**TASK TO CARRY OUT:**
In the entries below, how many lines hold the word "where"? Answer with the number only.

**MATERIAL PROVIDED:**
※
lemma chain_span: "fd.span (chain ` Idx) = fd.span (e ` Idx)"
proof -
  have "chain j \<in> fd.span (e ` Idx)" if jI: "j \<in> Idx" for j
  proof -
    obtain t s where j: "j = (t, s)" "t \<in> {1..\<sigma>}" using jI by (cases j) (auto simp: Idx_def)
    have "fd.span (e ` block t) \<subseteq> fd.span (e ` Idx)" using block_Idx[OF j(2)] by (intro fd.span_mono) auto
    then show ?thesis using chain_X[of t s] X_span[of t] j jI by auto
  qed
  moreover have "e j \<in> fd.span (chain ` Idx)" if jI: "j \<in> Idx" for j
  proof -
    obtain t s where j: "j = (t, s)" "t \<in> {1..\<sigma>}" "s < 2 * p t"
      using jI by (cases j) (auto simp: Idx_def)
    have "{(N ^^ l) (e (t, 0)) | l. l < 2 * p t} \<subseteq> chain ` Idx"
      using j by (force simp: chain_def Idx_def intro: image_eqI[of _ _ "(t, _)"])
    then have "X t \<subseteq> fd.span (chain ` Idx)" using j X_chain[of t] fd.span_mono by simp
    then show ?thesis using e_X[of t j] j by (auto simp: block_def)
  qed
  ultimately show ?thesis unfolding fd.span_eq by blast
qed

lemma chain_inj: "inj_on chain Idx" and chain_independent: "fd.independent (chain ` Idx)"
  using fd.spanning_family_independent[OF Idx_finite e_inj e_independent chain_span] by auto

definition F :: "nat \<Rightarrow> 'v set" where
  "F k = chain ` {j \<in> Idx. k \<le> snd j}"

lemma F_range: "F k \<subseteq> range (N ^^ k)"
proof
  fix z assume "z \<in> F k"
  then obtain t s where "k \<le> s" "z = (N ^^ s) (e (t, 0))" by (auto simp: F_def chain_def)
  moreover have "N ^^ s = (N ^^ k) \<circ> (N ^^ (s - k))"
    using \<open>k \<le> s\<close> by (metis funpow_add le_add_diff_inverse)
  ultimately have "z = (N ^^ k) ((N ^^ (s - k)) (e (t, 0)))" by simp
  then show "z \<in> range (N ^^ k)" by blast
qed

lemma F_independent: "fd.independent (F k)"
  by (rule fd.independent_mono[OF chain_independent]) (auto simp: F_def)

lemma F_card: "card (F k) = (\<Sum>t\<in>{1..\<sigma>}. 2 * p t - k)"
proof -
  have "{j \<in> Idx. k \<le> snd j} = Sigma {1..\<sigma>} (\<lambda>t. {k..<2 * p t})" by (auto simp: Idx_def)
  moreover have "inj_on chain {j \<in> Idx. k \<le> snd j}" by (rule inj_on_subset[OF chain_inj]) auto
  ultimately show ?thesis by (simp add: F_def card_image)
qed

lemma dim_range_lower: "(\<Sum>t\<in>{1..\<sigma>}. 2 * p t - k) \<le> fd.dim (range (N ^^ k))"
  using fd.independent_card_le_dim[OF F_range F_independent] F_card by simp

lemma range_in_span_F:
  assumes "fd.dim (range (N ^^ k)) \<le> (\<Sum>t\<in>{1..\<sigma>}. 2 * p t - k)"
  shows "range (N ^^ k) \<subseteq> fd.span (F k)"
  by (rule fd.card_ge_dim_independent[OF F_range F_independent]) (use assms F_card in simp)

lemma X_subspace: "r \<le> \<sigma> \<Longrightarrow> fd.subspace (X r)"
  by (simp add: X_span)

lemma X_last: "X (\<sigma> + 1) = (if \<kappa> = 0 then {0} else range (\<lambda>c. scale c (v (\<sigma> + 1))))"
  by (auto simp: Xsp_def)

lemma X_orth_v:
  assumes t: "t \<in> {1..\<sigma>}" and "t < r" "r \<le> \<sigma> + \<kappa>" and x: "x \<in> X t"
  shows "B x (v r) = 0"
proof (rule orth_span_left)
  show "x \<in> fd.span (e ` block t)" using x t X_span by simp
  fix y assume "y \<in> e ` block t"
  then obtain s where "s < 2 * p t" "y = e (t, s)" by (auto simp: block_def)
  then show "B y (v r) = 0" using assms v_orth by (simp add: e_pair)
qed

text \<open>If an earlier block \<open>X t\<close> is \<open>g\<close>-stable, it is orthogonal to the whole \<open>N\<close>-chain
  of \<open>e (r, 0)\<close>: move \<open>N\<^sup>m\<close> across as \<open>N\<^sup>*\<^sup>m\<close> and \<open>g\<^sup>-\<^sup>p\<^sup>r\<close> as \<open>g\<^sup>p\<^sup>r\<close>, which keep \<open>X t\<close>.\<close>
lemma chain_orth_stable_block:
  assumes t: "t \<in> {1..\<sigma>}" "t < r" "r \<le> \<sigma>" and st: "g ` X t \<subseteq> X t" and z: "z \<in> X t"
  shows "B ((N ^^ m) (e (r, 0))) z = 0"
proof -
  have W: "fd.subspace (X t)" using t by (simp add: X_subspace)
  let ?z = "gpow g (int (p r)) ((N_adj ^^ m) z)"
  have "?z \<in> X t" using stable_closed[OF W st] z by blast
  then have "B ?z (v r) = 0" using X_orth_v[OF t(1) t(2)] t(3) by simp
  moreover have "B ((N ^^ m) (e (r, 0))) z = B (v r) ?z"
    using gpow_pair[of 0 "v r" "int (p r)" "(N_adj ^^ m) z"] by (simp add: adjoint_pow e_pair)
  ultimately show ?thesis using orth_sym by simp
qed

text \<open>Under the bound \<open>dim N\<^sup>2\<^sup>p\<^sup>r V \<le> \<Lambda>\<^sub>2\<^sub>p\<^sub>r\<close>, the top of the chain of \<open>e (r, 0)\<close> vanishes
  once the earlier blocks are stable: it lies in their span and is orthogonal to them.\<close>
lemma chain_top_vanishes:
  assumes bound: "fd.dim (range (N ^^ (2 * p r))) \<le> (\<Sum>t\<in>{1..\<sigma>}. 2 * p t - 2 * p r)"
    and r: "r \<in> {1..\<sigma>}" and st: "\<And>t. t \<in> {1..\<sigma>} \<Longrightarrow> t < r \<Longrightarrow> g ` X t \<subseteq> X t"
  shows "(N ^^ (2 * p r)) (e (r, 0)) = 0"
proof (rule nondegenerate)
  let ?J = "{j \<in> Idx. fst j < r}"
  show "?J \<subseteq> Idx" by blast
  have "F (2 * p r) \<subseteq> fd.span (e ` ?J)"
  proof
    fix z assume "z \<in> F (2 * p r)"
    then obtain t s where ts: "(t, s) \<in> Idx" "2 * p r \<le> s" "z = chain (t, s)" by (auto simp: F_def)
    then have t: "t \<in> {1..\<sigma>}" "t < r"
      using p_mono[OF r, of t] r by (auto simp: Idx_def not_less[symmetric])
    have "fd.span (e ` block t) \<subseteq> fd.span (e ` ?J)"
      using t block_Idx[OF t(1)] by (intro fd.span_mono) (auto simp: block_def)
    then show "z \<in> fd.span (e ` ?J)" using chain_X[OF ts(1)] X_span t ts(3) by auto
  qed
  then show "(N ^^ (2 * p r)) (e (r, 0)) \<in> fd.span (e ` ?J)"
    using range_in_span_F[OF bound] fd.span_mono[of "F (2 * p r)"] fd.span_span by blast
  fix j assume j: "j \<in> ?J"
  then obtain t where t: "t \<in> {1..\<sigma>}" "t < r" "j \<in> block t"
    by (cases j) (auto simp: Idx_def block_def)
  then have "e (dual j) \<in> X t" by (simp add: dual_block e_X)
  then show "B ((N ^^ (2 * p r)) (e (r, 0))) (e (dual j)) = 0"
    using chain_orth_stable_block t st r by simp
qed

text \<open>Under the bounds \<open>dim N\<^sup>k V \<le> \<Lambda>\<^sub>k\<close>, \<open>k \<ge> 1\<close>: by induction on \<open>r\<close>, the chain of \<open>e (r, 0)\<close>
  stops after \<open>2 p\<^sub>r\<close> steps, so its span \<open>X r\<close> is \<open>N\<close>-stable and hence \<open>g\<close>-stable.\<close>
lemma X_stable:
  assumes bound: "\<And>k. 1 \<le> k \<Longrightarrow> fd.dim (range (N ^^ k)) \<le> (\<Sum>t\<in>{1..\<sigma>}. 2 * p t - k)"
    and r: "r \<in> {1..\<sigma>}"
  shows "g ` X r \<subseteq> X r"
  using r
proof (induction r rule: less_induct)
  case (less r)
  have "(N ^^ (2 * p r)) (e (r, 0)) = 0"
    by (rule chain_top_vanishes[OF bound less.prems]) (use p_pos[OF less.prems] less.IH in auto)
  then have "N ` X r \<subseteq> X r"
    using fd.nilpotent_chain_stable[OF N_linear] X_chain less.prems by simp
  then show ?case using stable_of_N_stable X_subspace less.prems by auto
qed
※
**RESULT FOR THIS EXERCISE:**
7